In short, if there was ever a guy that deserved a good life and nice things, Job is it.  And then God goes and allows the Devil to take all of those nice things away, to take all of the things and people Job loves away.  And we ask why?  And we also ask why Job doesn't turn on God - and that is perhaps the real mystery, right?
I think the first question isn't the important one.  But the second question (why Job doesn't fault or turn from God) is critical to understanding the story and to understanding what it means for us.  I think Job never turns from God, or resents God or blames God because he has a proper sense of perspective.  He understands one simple truth, a truth that it is so easy for us to forget: as long as we have life we are blessed.  Job knew and somehow through all of the hardship he endured was able to continue understanding that life isn't fair - but God has tilted the scales not against us, but in our favor.  Life is not fair, which is a good thing because if it was, none of us - not even Job - would stack up to the judgment.  And getting 'what we deserve' would be an unhappy occurrence for all of this.

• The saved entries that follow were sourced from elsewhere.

(* Assume the setting, hypotheses and Rothe scheme described in the context, and for every sufficiently small $\tau=T/N$ let $\{u_\tau^n\}_{n=1}^N$, $\{\xi_\tau^n\}_{n=1}^N$ be a solution of Problem $\mathcal P_\tau$, with $\bar u_\tau,u_\tau,\bar\xi_\tau$ defined as in the context. Then there is a constant $c>0$ independent of $\tau$ such that $$\|\bar u_\tau\|_{L^2(0,T;V)}\le c,\quad \|u_\tau\|_{L^2(0,T;V)}\le c,\quad \|\bar u_\tau\|_{L^\infty(0,T;H)}\le c,\quad \|u_\tau\|_{L^\infty(0,T;H)}\le c,$$ $$\|\bar\xi_\tau\|_{L^2(0,T;U^* )}\le c,\quad \|\bar u_\tau\|_{M^{2,2}(0,T;V,V^* )}\le c,\quad \|u_\tau'\|_{L^2(0,T;V^* )}\le c.$$
   Context: $V$ is a real reflexive separable Banach space with norm $\|\cdot\|$, $H$ is a real separable Hilbert space with inner product $(\cdot,\cdot)$ and norm $|\cdot|$, identified with its dual, and $V\subset H\subset V^*$ with dense continuous embeddings, the embedding $V\subset H$ being compact; $\langle\cdot,\cdot\rangle$ is the $V^*\times V$ duality pairing, with $\langle u,v\rangle=(u,v)$ for $u\in H$, $v\in V$. $U$ is a reflexive Banach space, $T>0$. For locally Lipschitz $J\colon U\to\mathbb R$, $J^0(x;v)=\limsup_{y\to x,\lambda\downarrow0}\frac{J(y+\lambda v)-J(y)}{\lambda}$ and $\partial J(x)=\{\xi\in U^*:J^0(x;v)\ge\langle\xi,v\rangle_{U^*\times U}\ \forall v\in U\}$ (Clarke subdifferential); $\iota^*$ is the adjoint of $\iota$. Hypotheses: (H(A)) $A\colon V\to V^*$ is pseudomonotone (whenever $v_n\to v$ weakly in $V$ and $\limsup_n\langle Av_n,v_n-v\rangle\le0$, then $\langle Av,v-y\rangle\le\liminf_n\langle Av_n,v_n-y\rangle$ for all $y\in V$), $\|Av\|_{V^*}\le a+b\|v\|$ ($a\ge0,b>0$), $\langle Av,v\rangle\ge\alpha\|v\|^2-\beta|v|^2$ ($\alpha>0,\beta\ge0$) for all $v\in V$. (H(J)) $J$ is locally Lipschitz and $\|\xi\|_{U^*}\le d(1+\|u\|_U)$ for all $u\in U$, $\xi\in\partial J(u)$, $d>0$. (H($\iota$)) $\iota\colon V\to U$ is linear, continuous, compact, and $\iota=\iota_2\circ\iota_1$ where $Z$ is a Banach space with $V\subset Z\subset H$, $V\subset Z$ compact, $Z\subset H$ continuous, $\iota_1\colon V\to Z$ the identity and $\iota_2\colon Z\to U$ linear continuous. (H(f)) $f\in L^2(0,T;V^* )$. (H(0)) $u_0\in H$. Rothe scheme: for $N\in\mathbb N$, $\tau=T/N$, an element $u_\tau^0\in V$ is given for each $\tau$, such that $u_\tau^0\to u_0$ strongly in $H$ as $\tau\to0$ and $\|u_\tau^0\|\le c_0/\sqrt\tau$ with $c_0$ independent of $\tau$. Set $f_\tau^1=\frac1\tau\int_0^\tau f\,dt$ and $f_\tau^n=\frac{3}{2\tau}\int_{(n-1)\tau}^{n\tau}f\,dt-\frac1{2\tau}\int_{(n-2)\tau}^{(n-1)\tau}f\,dt$, $n=2,\dots,N$. Problem $\mathcal P_\tau$: find $\{u_\tau^n\}_{n=1}^N\subset V$ and $\{\xi_\tau^n\}_{n=1}^N\subset U^*$ with $\frac1\tau(u_\tau^1-u_\tau^0)+Au_\tau^1+\iota^*\xi_\tau^1=f_\tau^1$, $\xi_\tau^1\in\partial J(\iota u_\tau^1)$, and for $n=2,\dots,N$: $\frac1\tau(\frac32u_\tau^n-2u_\tau^{n-1}+\frac12u_\tau^{n-2})+Au_\tau^n+\iota^*\xi_\tau^n=f_\tau^n$, $\xi_\tau^n\in\partial J(\iota u_\tau^n)$. Interpolants: $\bar u_\tau(0)=u_\tau^0$, $\bar u_\tau(t)=u_\tau^n$ and $\bar\xi_\tau(t)=\xi_\tau^n$ for $t\in((n-1)\tau,n\tau]$, $n=1,\dots,N$; $u_\tau(t)=\frac32u_\tau^1-\frac12u_\tau^0+(u_\tau^1-u_\tau^0)\frac{t-\tau}{\tau}$ for $t\in[0,\tau]$, and $u_\tau(t)=\frac32u_\tau^n-\frac12u_\tau^{n-1}+(\frac32u_\tau^n-2u_\tau^{n-1}+\frac12u_\tau^{n-2})\frac{t-n\tau}{\tau}$ for $t\in[(n-1)\tau,n\tau]$, $n=2,\dots,N$; $u_\tau'$ is its time derivative. Space $M^{2,2}$: for $x\colon[0,T]\to V^*$, $\|x\|_{BV^2(0,T;V^* )}^2=\sup_\pi\sum_i\|x(b_i)-x(a_i)\|_{V^*}^2$, the supremum over all finite partitions $\pi$ of $[0,T]$ into disjoint open intervals $(a_i,b_i)$ whose closures cover $[0,T]$; $M^{2,2}(0,T;V,V^* )=L^2(0,T;V)\cap BV^2(0,T;V^* )$ with norm $\|\cdot\|_{L^2(0,T;V)}+\|\cdot\|_{BV^2(0,T;V^* )}$. *)

theory Defs
  imports "HOL-Analysis.Analysis" "HOL-Probability.Essential_Supremum"
begin

definition separable_space :: "'a::metric_space itself \<Rightarrow> bool" where
  "separable_space _ \<longleftrightarrow> (\<exists>D::'a set. countable D \<and> closure D = UNIV)"

definition reflexive_space :: "'a::real_normed_vector itself \<Rightarrow> bool" where
  "reflexive_space _ \<longleftrightarrow>
     (\<forall>\<phi> :: ('a \<Rightarrow>\<^sub>L real) \<Rightarrow>\<^sub>L real. \<exists>x::'a. \<forall>g. blinfun_apply \<phi> g = blinfun_apply g x)"

definition compact_operator :: "('a::real_normed_vector \<Rightarrow> 'b::real_normed_vector) \<Rightarrow> bool" where
  "compact_operator T \<longleftrightarrow> bounded_linear T \<and> (\<forall>B. bounded B \<longrightarrow> compact (closure (T ` B)))"

definition weak_conv :: "(nat \<Rightarrow> 'a::real_normed_vector) \<Rightarrow> 'a \<Rightarrow> bool" where
  "weak_conv xs x \<longleftrightarrow> (\<forall>g :: 'a \<Rightarrow>\<^sub>L real. (\<lambda>n. blinfun_apply g (xs n)) \<longlonglongrightarrow> blinfun_apply g x)"

definition pseudomonotone :: "('v::real_normed_vector \<Rightarrow> ('v \<Rightarrow>\<^sub>L real)) \<Rightarrow> bool" where
  "pseudomonotone A \<longleftrightarrow>
     (\<forall>vs v. weak_conv vs v \<and> limsup (\<lambda>n. ereal (blinfun_apply (A (vs n)) (vs n - v))) \<le> 0 \<longrightarrow>
        (\<forall>y. ereal (blinfun_apply (A v) (v - y)) \<le> liminf (\<lambda>n. ereal (blinfun_apply (A (vs n)) (vs n - y)))))"

definition locally_lipschitz :: "('a::metric_space \<Rightarrow> real) \<Rightarrow> bool" where
  "locally_lipschitz J \<longleftrightarrow> (\<forall>x. \<exists>S L. open S \<and> x \<in> S \<and> L-lipschitz_on S J)"

definition clarke_dd :: "('u::real_normed_vector \<Rightarrow> real) \<Rightarrow> 'u \<Rightarrow> 'u \<Rightarrow> ereal" where
  "clarke_dd J x v = Limsup (nhds x \<times>\<^sub>F at_right 0)
      (\<lambda>(y, l). ereal ((J (y + l *\<^sub>R v) - J y) / l))"

definition clarke_subdiff :: "('u::real_normed_vector \<Rightarrow> real) \<Rightarrow> 'u \<Rightarrow> ('u \<Rightarrow>\<^sub>L real) set" where
  "clarke_subdiff J x = {\<xi>. \<forall>v. ereal (blinfun_apply \<xi> v) \<le> clarke_dd J x v}"

text \<open>Element of V seen in V* via V \<subset> H = H* \<subset> V*, and element of H seen in V*.\<close>
definition toVs :: "('v::real_normed_vector \<Rightarrow> 'h::real_inner) \<Rightarrow> 'v \<Rightarrow> ('v \<Rightarrow>\<^sub>L real)" where
  "toVs j v = Blinfun (\<lambda>w. inner (j v) (j w))"

definition HtoVs :: "('v::real_normed_vector \<Rightarrow> 'h::real_inner) \<Rightarrow> 'h \<Rightarrow> ('v \<Rightarrow>\<^sub>L real)" where
  "HtoVs j h = Blinfun (\<lambda>w. inner h (j w))"

definition ensqrt :: "ennreal \<Rightarrow> ennreal" where
  "ensqrt x = (if x = top then top else ennreal (sqrt (enn2real x)))"

definition L2_norm :: "real \<Rightarrow> (real \<Rightarrow> 'a::real_normed_vector) \<Rightarrow> ennreal" where
  "L2_norm T g = ensqrt (\<integral>\<^sup>+ t. ennreal ((norm (g t))\<^sup>2) \<partial>lebesgue_on {0..T})"

definition Linf_norm :: "real \<Rightarrow> (real \<Rightarrow> 'a::real_normed_vector) \<Rightarrow> ereal" where
  "Linf_norm T g = esssup (lebesgue_on {0..T}) (\<lambda>t. ereal (norm (g t)))"

definition partitions :: "real \<Rightarrow> real list set" where
  "partitions T = {p. sorted_wrt (<) p \<and> length p \<ge> 2 \<and> hd p = 0 \<and> last p = T}"

definition BV2_norm :: "real \<Rightarrow> (real \<Rightarrow> 'a::real_normed_vector) \<Rightarrow> ennreal" where
  "BV2_norm T x = ensqrt (SUP p \<in> partitions T.
      ennreal (\<Sum>i < length p - 1. (norm (x (p ! Suc i) - x (p ! i)))\<^sup>2))"

definition M22_norm :: "real \<Rightarrow> ('v::real_normed_vector \<Rightarrow> 'h::real_inner) \<Rightarrow> (real \<Rightarrow> 'v) \<Rightarrow> ennreal" where
  "M22_norm T j x = L2_norm T x + BV2_norm T (\<lambda>t. toVs j (x t))"

definition ftau :: "real \<Rightarrow> (real \<Rightarrow> ('v::real_normed_vector \<Rightarrow>\<^sub>L real)) \<Rightarrow> nat \<Rightarrow> nat \<Rightarrow> 'v \<Rightarrow> real" where
  "ftau T f N n v = (let \<tau> = T / real N in
     if n = 1 then (1 / \<tau>) * (\<integral>t. blinfun_apply (f t) v \<partial>lebesgue_on {0..\<tau>})
     else (3 / (2 * \<tau>)) * (\<integral>t. blinfun_apply (f t) v \<partial>lebesgue_on {(real n - 1) * \<tau> .. real n * \<tau>})
        - (1 / (2 * \<tau>)) * (\<integral>t. blinfun_apply (f t) v \<partial>lebesgue_on {(real n - 2) * \<tau> .. (real n - 1) * \<tau>}))"

text \<open>Problem P_tau: us n = u_tau^n (n = 0..N, us 0 the given initial value), xis n = xi_tau^n.
  Equations in V* are stated by testing with every v \<in> V; \<iota>* \<xi> applied to v is \<xi>(\<iota> v).\<close>
definition rothe_solution ::
  "('v::real_normed_vector \<Rightarrow> 'h::real_inner) \<Rightarrow> ('v \<Rightarrow> ('v \<Rightarrow>\<^sub>L real)) \<Rightarrow> ('v \<Rightarrow> 'u::real_normed_vector)
   \<Rightarrow> ('u \<Rightarrow> real) \<Rightarrow> (real \<Rightarrow> ('v \<Rightarrow>\<^sub>L real)) \<Rightarrow> real \<Rightarrow> nat
   \<Rightarrow> (nat \<Rightarrow> 'v) \<Rightarrow> (nat \<Rightarrow> ('u \<Rightarrow>\<^sub>L real)) \<Rightarrow> bool" where
  "rothe_solution j A iota J f T N us xis \<longleftrightarrow> (let \<tau> = T / real N in
     (\<forall>v. inner (j (us 1 - us 0)) (j v) / \<tau> + blinfun_apply (A (us 1)) v
            + blinfun_apply (xis 1) (iota v) = ftau T f N 1 v)
     \<and> xis 1 \<in> clarke_subdiff J (iota (us 1))
     \<and> (\<forall>n \<in> {2..N}.
          (\<forall>v. inner (j ((3/2) *\<^sub>R us n - 2 *\<^sub>R us (n - 1) + (1/2) *\<^sub>R us (n - 2))) (j v) / \<tau>
               + blinfun_apply (A (us n)) v + blinfun_apply (xis n) (iota v) = ftau T f N n v)
          \<and> xis n \<in> clarke_subdiff J (iota (us n))))"

definition ubar :: "real \<Rightarrow> nat \<Rightarrow> (nat \<Rightarrow> 'v) \<Rightarrow> real \<Rightarrow> 'v" where
  "ubar T N us t = (if t \<le> 0 then us 0 else us (nat \<lceil>t / (T / real N)\<rceil>))"

definition xibar :: "real \<Rightarrow> nat \<Rightarrow> (nat \<Rightarrow> 'a) \<Rightarrow> real \<Rightarrow> 'a" where
  "xibar T N xis t = xis (nat \<lceil>t / (T / real N)\<rceil>)"

definition uhat :: "real \<Rightarrow> nat \<Rightarrow> (nat \<Rightarrow> 'v::real_vector) \<Rightarrow> real \<Rightarrow> 'v" where
  "uhat T N us t = (let \<tau> = T / real N; n = max 1 (nat \<lceil>t / \<tau>\<rceil>) in
     if n = 1 then (3/2) *\<^sub>R us 1 - (1/2) *\<^sub>R us 0 + ((t - \<tau>) / \<tau>) *\<^sub>R (us 1 - us 0)
     else (3/2) *\<^sub>R us n - (1/2) *\<^sub>R us (n - 1)
          + ((t - real n * \<tau>) / \<tau>) *\<^sub>R ((3/2) *\<^sub>R us n - 2 *\<^sub>R us (n - 1) + (1/2) *\<^sub>R us (n - 2)))"

end

theory Submission
  imports Defs
begin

In his discourse Job lists all the things that he has or hasn't done - I challenge you to read through it and see if you can place your check mark on the correct side for every single one (who can say they have never missed an opportunity to serve or share, etc.?).  Job's point is that if you have fallen short in any of these areas, then fear is the only appropriate response when you come before God - because you have fallen short of the law and the call of God and judgment (harsh and final) is what is appropriately coming to you.

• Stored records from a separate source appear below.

(* Let $X$ be a compact metric space and $f\colon X\to X$ a continuous map. Assume there is a sequence of closed sets $X_1\subseteq X_2\subseteq\cdots$ in $X$ with $f(X_i)\subseteq X_i$ for all $i$, $X=\bigcup_{i=1}^\infty X_i$, and $f|_{X_i}\colon X_i\to X_i$ generically chaotic for every $i$. Then $f$ is generically chaotic.
   Context: For continuous $g$ on a compact metric space $(Y,d)$, $(x,y)\in Y^2$ is a Li-Yorke pair if $\liminf_n d(g^n(x),g^n(y))=0$ and $\limsup_n d(g^n(x),g^n(y))>0$; $g$ is generically chaotic if the set of Li-Yorke pairs is residual in $Y^2$. *)

theory Defs
  imports "HOL-Analysis.Analysis" "HOL-Library.Liminf_Limsup"
begin

definition li_yorke_pair :: "('a::metric_space \<Rightarrow> 'a) \<Rightarrow> 'a \<Rightarrow> 'a \<Rightarrow> bool" where
  "li_yorke_pair g x y \<longleftrightarrow>
     liminf (\<lambda>n. ereal (dist ((g ^^ n) x) ((g ^^ n) y))) = 0 \<and>
     limsup (\<lambda>n. ereal (dist ((g ^^ n) x) ((g ^^ n) y))) > 0"

definition residual_in :: "'b::topological_space set \<Rightarrow> 'b set \<Rightarrow> bool" where
  "residual_in Z S \<longleftrightarrow> S \<subseteq> Z \<and>
     (\<exists>\<F>. countable \<F> \<and> (\<forall>U\<in>\<F>. openin (top_of_set Z) U \<and> Z \<subseteq> closure U)
          \<and> Z \<inter> \<Inter>\<F> \<subseteq> S)"

definition generically_chaotic_on :: "'a::metric_space set \<Rightarrow> ('a \<Rightarrow> 'a) \<Rightarrow> bool" where
  "generically_chaotic_on Y g \<longleftrightarrow>
     residual_in (Y \<times> Y) {(x, y). x \<in> Y \<and> y \<in> Y \<and> li_yorke_pair g x y}"

end

theory Submission
  imports Defs
begin

text \<open>Residuality can be checked on a countable closed cover: a dense open subset V of a closed
  piece C, enlarged by the open complement of C, is dense and open in the whole space, and the
  countably many sets obtained this way from all pieces witness residuality there. The Li-Yorke
  pairs of f in Xs i are those of X lying in Xs i \<times> Xs i, and since the Xs i increase these
  squares cover X \<times> X.\<close>

lemma openin_Un_Diff_closedin:
  assumes "openin (top_of_set C) V" and "closedin (top_of_set Z) C"
  shows "openin (top_of_set Z) (V \<union> (Z - C))"
proof -
  obtain T where "open T" and V: "V = C \<inter> T"
    using assms(1) by (auto simp: openin_open)
  have "C \<subseteq> Z"
    using assms(2) by (rule closedin_imp_subset)
  then have "V \<union> (Z - C) = (Z \<inter> T) \<union> (Z - C)"
    using V by blast
  moreover have "openin (top_of_set Z) (Z \<inter> T)"
    using \<open>open T\<close> by (auto simp: openin_open)
  moreover have "openin (top_of_set Z) (Z - C)"
    using assms(2) by (simp add: closedin_def)
  ultimately show ?thesis
    by (simp add: openin_Un)
qed

lemma dense_Un_Diff:
  assumes "C \<subseteq> closure V"
  shows "Z \<subseteq> closure (V \<union> (Z - C))"
  using assms closure_subset[of "Z - C"] by auto

lemma residual_in_countable_closedin_cover:
  fixes C :: "'i \<Rightarrow> 'a::topological_space set"
  assumes "countable I"
    and "\<And>i. i \<in> I \<Longrightarrow> closedin (top_of_set Z) (C i)"
    and "Z = (\<Union>i\<in>I. C i)"
    and "\<And>i. i \<in> I \<Longrightarrow> residual_in (C i) (S \<inter> C i)"
    and "S \<subseteq> Z"
  shows "residual_in Z S"
proof -
  have "\<exists>F. countable F \<and> (\<forall>V\<in>F. openin (top_of_set (C i)) V \<and> C i \<subseteq> closure V)
          \<and> C i \<inter> \<Inter>F \<subseteq> S" if "i \<in> I" for i
    using assms(4)[OF that] unfolding residual_in_def by (meson le_infE)
  then obtain F where "\<forall>i\<in>I. countable (F i) \<and>
      (\<forall>V\<in>F i. openin (top_of_set (C i)) V \<and> C i \<subseteq> closure V) \<and> C i \<inter> \<Inter>(F i) \<subseteq> S"
    by (metis bchoice)
  then have F_countable: "\<And>i. i \<in> I \<Longrightarrow> countable (F i)"
    and F_open_dense: "\<And>i V. i \<in> I \<Longrightarrow> V \<in> F i \<Longrightarrow>
           openin (top_of_set (C i)) V \<and> C i \<subseteq> closure V"
    and F_Inter: "\<And>i. i \<in> I \<Longrightarrow> C i \<inter> \<Inter>(F i) \<subseteq> S"
    by blast+
  define G where "G = (\<Union>i\<in>I. (\<lambda>V. V \<union> (Z - C i)) ` F i)"
  have "countable G"
    unfolding G_def using assms(1) F_countable by auto
  moreover have "openin (top_of_set Z) U \<and> Z \<subseteq> closure U" if "U \<in> G" for U
  proof -
    from \<open>U \<in> G\<close> obtain i V where "i \<in> I" "V \<in> F i" "U = V \<union> (Z - C i)"
      unfolding G_def by blast
    then show ?thesis
      using F_open_dense assms(2) openin_Un_Diff_closedin dense_Un_Diff by metis
  qed
  moreover have "Z \<inter> \<Inter>G \<subseteq> S"
  proof
    fix z assume z: "z \<in> Z \<inter> \<Inter>G"
    then obtain i where "i \<in> I" and "z \<in> C i"
      using assms(3) by blast
    moreover have "z \<in> V" if "V \<in> F i" for V
    proof -
      have "V \<union> (Z - C i) \<in> G"
        using \<open>V \<in> F i\<close> \<open>i \<in> I\<close> unfolding G_def by blast
      then show ?thesis
        using z \<open>z \<in> C i\<close> by blast
    qed
    ultimately show "z \<in> S"
      using F_Inter by blast
  qed
  ultimately show ?thesis
    using assms(5) unfolding residual_in_def by blast
qed

lemma Times_Union_incseq:
  fixes A :: "nat \<Rightarrow> 'a set"
  assumes "\<And>i. A i \<subseteq> A (Suc i)"
  shows "(\<Union>i. A i) \<times> (\<Union>i. A i) = (\<Union>i. A i \<times> A i)"
proof -
  have mono: "A i \<subseteq> A j" if "i \<le> j" for i j
    using lift_Suc_mono_le[of A, OF assms that] .
  show ?thesis
  proof
    show "(\<Union>i. A i) \<times> (\<Union>i. A i) \<subseteq> (\<Union>i. A i \<times> A i)"
    proof clarify
      fix x y i j assume "x \<in> A i" "y \<in> A j"
      then have "(x, y) \<in> A (max i j) \<times> A (max i j)"
        using mono[of i "max i j"] mono[of j "max i j"] by auto
      then show "(x, y) \<in> (\<Union>i. A i \<times> A i)"
        by blast
    qed
  qed blast
qed

theorem lemma34:
  fixes X :: "'a::metric_space set" and f :: "'a \<Rightarrow> 'a" and Xs :: "nat \<Rightarrow> 'a set"
  assumes "compact X"
    and "continuous_on X f" and "f ` X \<subseteq> X"
    and "\<And>i. closed (Xs i)" and "\<And>i. Xs i \<subseteq> X"
    and "\<And>i. Xs i \<subseteq> Xs (Suc i)"
    and "\<And>i. f ` (Xs i) \<subseteq> Xs i"
    and "X = (\<Union>i. Xs i)"
    and "\<And>i. generically_chaotic_on (Xs i) f"
  shows "generically_chaotic_on X f"
proof -
  let ?LY = "\<lambda>Z. {(x, y). x \<in> Z \<and> y \<in> Z \<and> li_yorke_pair f x y}"
  have closed_squares: "closedin (top_of_set (X \<times> X)) (Xs i \<times> Xs i)" for i
    using assms(4,5) by (intro closed_subset closed_Times) auto
  have cover: "X \<times> X = (\<Union>i. Xs i \<times> Xs i)"
    using Times_Union_incseq[of Xs, OF assms(6)] assms(8) by simp
  have "?LY X \<inter> (Xs i \<times> Xs i) = ?LY (Xs i)" for i
    using assms(5) by blast
  then have residual_squares: "residual_in (Xs i \<times> Xs i) (?LY X \<inter> (Xs i \<times> Xs i))" for i
    using assms(9) unfolding generically_chaotic_on_def by simp
  have "residual_in (X \<times> X) (?LY X)"
    by (rule residual_in_countable_closedin_cover[OF _ closed_squares cover residual_squares]) auto
  then show ?thesis
    unfolding generically_chaotic_on_def .
qed

end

So in the midst of all that he endured Job understood that he didn't want what he 'deserved' and was happy instead to thank God for the blessings that he had received - even when the only one that he could count was that - even though it was painful and miserable - he still had his life.
So the lesson from Job is all about the perspective with which we view the circumstances of our lives.  And I think what Job is trying to teach us is that when we say, 'Life isn't fair'  that our next words should be 'and thank God for that'.  Because we - none of us - can stand up to a 'fair' judgment of our lives, thoughts, actions and motivations.  Instead all of us have to rely on the grace of God, through the sacrifice of Jesus Christ tipping the scales in our favor.
Life isn't fair.  Thank God for that!